Selecting the right vector for your molecular biology experiment is fundamental to ensure the experiment’s success. There are many elements to consider when choosing which vector backbone to use. To make it easier, we have compiled a list of some of the key factors to keep in mind when choosing a vector:
Cloning or Expression?
The first question to ask yourself is what you intend to do with your vector. Cloning vectors are useful for generating many copies of your gene. Expression vectors are associated with the actual expression of the gene into mRNA and protein in the target organism. Cloning vectors usually contain features associated with the insertion or removal of DNA fragments. For example, they have multiple cloning sites with many restriction sites, antibiotic resistant genes, etc. Expression vectors, however, contain additional organism specific sequences relating to expression such as promoters, RBS sequences, Kozak sequences (in eukaryotes), or the Shine Dalgarno sequence (in prokaryotes). A similar vector type is the transcription-only vector that goes only to the mRNA production phase and requires less components than expression vectors.
This factor is relevant for both cloning and expression vectors.
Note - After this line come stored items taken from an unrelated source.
lemma bilforms_bound_nonneg:
  assumes "B \<in> bilforms sc S"
  obtains K where "K \<ge> 0" "\<And>x y. x \<in> S \<Longrightarrow> y \<in> S \<Longrightarrow> cmod (B x y) \<le> K * norm x * norm y"
proof -
  obtain K where K: "\<forall>x\<in>S. \<forall>y\<in>S. cmod (B x y) \<le> K * norm x * norm y"
    using assms unfolding bilforms_def by blast
  have "cmod (B x y) \<le> max K 0 * norm x * norm y" if "x \<in> S" "y \<in> S" for x y
  proof -
    have "cmod (B x y) \<le> K * norm x * norm y"
      using K that by blast
    also have "\<dots> \<le> max K 0 * norm x * norm y"
      by (intro mult_right_mono) auto
    finally show ?thesis .
  qed
  thus thesis
    by (intro that[of "max K 0"]) auto
qed

lemma bilformsI:
  assumes "\<And>x1 x2 y. \<lbrakk>x1 \<in> S; x2 \<in> S; y \<in> S\<rbrakk> \<Longrightarrow> B (x1 + x2) y = B x1 y + B x2 y"
    and "\<And>x y1 y2. \<lbrakk>x \<in> S; y1 \<in> S; y2 \<in> S\<rbrakk> \<Longrightarrow> B x (y1 + y2) = B x y1 + B x y2"
    and "\<And>c x y. \<lbrakk>x \<in> S; y \<in> S\<rbrakk> \<Longrightarrow> B (sc c x) y = c * B x y"
    and "\<And>c x y. \<lbrakk>x \<in> S; y \<in> S\<rbrakk> \<Longrightarrow> B x (sc c y) = c * B x y"
    and "\<And>x y. \<lbrakk>x \<in> S; y \<in> S\<rbrakk> \<Longrightarrow> cmod (B x y) \<le> K * norm x * norm y"
    and "\<And>x y. x \<notin> S \<or> y \<notin> S \<Longrightarrow> B x y = 0"
  shows "B \<in> bilforms sc S"
  unfolding bilforms_def using assms by blast

lemma zero_in_bilball: "(\<lambda>x y. 0) \<in> bilball sc S"
  unfolding bilball_def bilforms_def by (auto intro!: exI[of _ 0])

lemma ptensor_ptrep: "u \<in> ptensor sc S \<Longrightarrow> \<exists>a b. ptrep sc S u a b"
  unfolding ptensor_def by blast

lemma ptrep_summable_norm:
  assumes u: "ptrep sc S u a b" and B: "B \<in> bilforms sc S"
    and K: "\<And>y z. \<lbrakk>y \<in> S; z \<in> S\<rbrakk> \<Longrightarrow> cmod (B y z) \<le> K * norm y * norm z"
  shows "summable (\<lambda>n. norm (B (a n) (b n)))"
    and "cmod (u B) \<le> K * (\<Sum>n. norm (a n) * norm (b n))"
proof -
  have ab: "a n \<in> S" "b n \<in> S" for n
    using u unfolding ptrep_def by auto
  have s: "summable (\<lambda>n. norm (a n) * norm (b n))" and uB: "u B = (\<Sum>n. B (a n) (b n))"
    using u B unfolding ptrep_def by auto
  have le: "norm (B (a n) (b n)) \<le> K * (norm (a n) * norm (b n))" for n
    using K[OF ab] by (simp add: mult.assoc)
  have sK: "summable (\<lambda>n. K * (norm (a n) * norm (b n)))"
    using s by (rule summable_mult)
  show sn: "summable (\<lambda>n. norm (B (a n) (b n)))"
    by (rule summable_comparison_test[OF _ sK]) (use le in auto)
  have "cmod (u B) \<le> (\<Sum>n. norm (B (a n) (b n)))"
    unfolding uB by (rule summable_norm[OF sn])
  also have "\<dots> \<le> (\<Sum>n. K * (norm (a n) * norm (b n)))"
    by (rule suminf_le[OF le sn sK])
  also have "\<dots> = K * (\<Sum>n. norm (a n) * norm (b n))"
    by (rule suminf_mult[OF s])
  finally show "cmod (u B) \<le> K * (\<Sum>n. norm (a n) * norm (b n))" .
qed

lemma ptrep_summable:
  assumes u: "ptrep sc S u a b" and B: "B \<in> bilforms sc S"
  shows "summable (\<lambda>n. B (a n) (b n))"
proof -
  obtain K where "\<And>y z. \<lbrakk>y \<in> S; z \<in> S\<rbrakk> \<Longrightarrow> cmod (B y z) \<le> K * norm y * norm z"
    using bilforms_bound_nonneg[OF B] by blast
  thus ?thesis
    by (rule summable_norm_cancel[OF ptrep_summable_norm(1)[OF u B]])
qed

lemma ptrep_divide:
  assumes u: "ptrep sc S u a b" and B: "B \<in> bilforms sc S"
    and Bk: "(\<lambda>y z. B y z / k) \<in> bilforms sc S"
  shows "u (\<lambda>y z. B y z / k) = u B / k"
proof -
  have "u (\<lambda>y z. B y z / k) = (\<Sum>n. B (a n) (b n) / k)"
    using u Bk unfolding ptrep_def by auto
  also have "\<dots> = (\<Sum>n. B (a n) (b n)) / k"
    by (rule suminf_divide[OF ptrep_summable[OF u B]])
  also have "\<dots> = u B / k"
    using u B unfolding ptrep_def by auto
  finally show ?thesis .
qed

text \<open>Outside this class ptnorm, a supremum over an unbounded set, has no meaning.\<close>

definition pt_bounded :: "(complex \<Rightarrow> 'a::{real_normed_algebra,banach} \<Rightarrow> 'a) \<Rightarrow> 'a set
     \<Rightarrow> (('a \<Rightarrow> 'a \<Rightarrow> complex) \<Rightarrow> complex) \<Rightarrow> bool" where
  "pt_bounded sc S w \<longleftrightarrow> (\<exists>M. \<forall>B\<in>bilball sc S. cmod (w B) \<le> M)"

lemma ptnorm_upper: "pt_bounded sc S w \<Longrightarrow> B \<in> bilball sc S \<Longrightarrow> cmod (w B) \<le> ptnorm sc S w"
  unfolding ptnorm_def pt_bounded_def by (auto intro!: cSUP_upper bdd_aboveI2)

lemma ptnorm_least: "(\<And>B. B \<in> bilball sc S \<Longrightarrow> cmod (w B) \<le> M) \<Longrightarrow> ptnorm sc S w \<le> M"
  unfolding ptnorm_def using zero_in_bilball by (intro cSUP_least) auto

lemma ptnorm_nonneg: "pt_bounded sc S w \<Longrightarrow> 0 \<le> ptnorm sc S w"
  using ptnorm_upper[OF _ zero_in_bilball] by (meson norm_ge_zero order_trans)

lemma pt_bounded_ptensor:
  assumes "u \<in> ptensor sc S"
  shows "pt_bounded sc S u"
proof -
  obtain a b where u: "ptrep sc S u a b"
    using ptensor_ptrep[OF assms] by blast
  have "cmod (u B) \<le> 1 * (\<Sum>n. norm (a n) * norm (b n))" if "B \<in> bilball sc S" for B
    using that unfolding bilball_def by (intro ptrep_summable_norm(2)[OF u]) auto
  thus ?thesis
    unfolding pt_bounded_def by blast
qed

lemma pt_bounded_diff: "pt_bounded sc S u \<Longrightarrow> pt_bounded sc S v \<Longrightarrow> pt_bounded sc S (ptdiff u v)"
  unfolding pt_bounded_def ptdiff_def by (meson norm_triangle_le_diff add_mono)

lemma pt_bounded_scale: "pt_bounded sc S u \<Longrightarrow> pt_bounded sc S (\<lambda>B. c * u B)"
  unfolding pt_bounded_def by (metis norm_mult mult_left_mono norm_ge_zero)

lemma lmod_form_bilforms:
  assumes sc: "cBA sc" and S: "closed_ideal sc S" and a: "a \<in> S" and B: "B \<in> bilforms sc S"
  shows "(\<lambda>y z. if y \<in> S \<and> z \<in> S then B (a * y) z else 0) \<in> bilforms sc S"
proof -
  obtain K where K: "K \<ge> 0" "\<And>x y. \<lbrakk>x \<in> S; y \<in> S\<rbrakk> \<Longrightarrow> cmod (B x y) \<le> K * norm x * norm y"
    using bilforms_bound_nonneg[OF B] by blast
  have ay: "a * y \<in> S" for y
    using closed_ideal_mult_right[OF S a] .
  have "cmod (B (a * x) y) \<le> K * norm a * norm x * norm y" if "y \<in> S" for x y
  proof -
    have "cmod (B (a * x) y) \<le> K * norm (a * x) * norm y"
      using K(2) ay that by blast
    also have "\<dots> \<le> K * (norm a * norm x) * norm y"
      using K(1) by (intro mult_mono mult_left_mono norm_mult_ineq) auto
    finally show ?thesis
      by (simp add: mult.assoc)
  qed
  thus ?thesis
    by (intro bilformsI[where K = "K * norm a"])
      (auto simp: ay closed_ideal_add[OF S] closed_ideal_scale[OF S] distrib_left
        bilforms_add_left[OF B] bilforms_add_right[OF B] bilforms_scale_left[OF B]
        bilforms_scale_right[OF B] cBA_mult_right[OF sc, symmetric])
qed

lemma pt_bounded_lmod:
  assumes sc: "cBA sc" and S: "closed_ideal sc S" and a: "a \<in> S" and u: "u \<in> ptensor sc S"
  shows "pt_bounded sc S (lmod sc S a u)"
proof -
  obtain p q where u: "ptrep sc S u p q"
    using ptensor_ptrep[OF u] by blast
  have "cmod (lmod sc S a u B) \<le> norm a * (\<Sum>n. norm (p n) * norm (q n))"
    if B: "B \<in> bilball sc S" for B
  proof -
    have Bf: "B \<in> bilforms sc S" and Bb: "\<And>y z. \<lbrakk>y \<in> S; z \<in> S\<rbrakk> \<Longrightarrow> cmod (B y z) \<le> norm y * norm z"
      using B unfolding bilball_def by auto
    have "cmod (B (a * y) z) \<le> norm a * norm y * norm z" if "z \<in> S" for y z
      using Bb[OF closed_ideal_mult_right[OF S a, of y] that]
        mult_right_mono[OF norm_mult_ineq[of a y] norm_ge_zero[of z]] by linarith
    thus ?thesis
      using Bf by (simp add: lmod_def ptrep_summable_norm(2)[OF u lmod_form_bilforms[OF sc S a Bf]])
  qed
  thus ?thesis
    unfolding pt_bounded_def by blast
qed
The only aspect to consider here is whether you are cloning a large or small DNA fragment. Most general plasmids (i.e. pUC) can cope with inserts up to 15 kb. Anything bigger can complicate the replication and cause problems with stability. However, if you have a large DNA insert, there are special types of vectors suitable for such applications, which have a different origin of replication. As a general remark, origins of bigger vectors have a lower copy number than those of smaller vectors. Keep in mind that the bigger the vector is, the lower the transfection or transformation efficiency and its stability. Nevertheless, vectors can usually get up to 52 kb.
Both cloning and expression vectors require you to choose a selectable marker. This marker allows for the identification of a positive transformant. When you grow your cell lines under this condition, only the cells that have incorporated the vector will survive (a process called selection). There are two major types of selectable markers:
- Drug-resistance markers: incorporation of a gene encoding an enzyme that inactivates a specific antibiotic.
- Auxotrophic markers: allows cells with the marker to survive without essential nutrients in the medium.
When choosing your cloning vector resistance, you should consider using:
- A positive selection - under selection (antibiotic or nutrient), only cells that incorporated the selectable marker will survive.
- A negative selection - under selection, only cells that did not incorporate the selectable marker will survive.
Here is a summary of the common selectable marker genes and their respective antibiotics and target organisms:
Restriction Sites in MCS
A crucial step during the cloning process is the ligation of the DNA fragment to the plasmid, which is greatly facilitated by the use of specific restriction enzymes. This means it is important to check if the desired restriction sites are compatible with your insert. Nowadays, this is not so problematic as most modern vectors include an artificial stretch of DNA called an MCS (multiple cloning site) containing many different long restriction endonuclease cutting sites. If all else fails, blunt-end ligations are possible but often difficult to complete successfully.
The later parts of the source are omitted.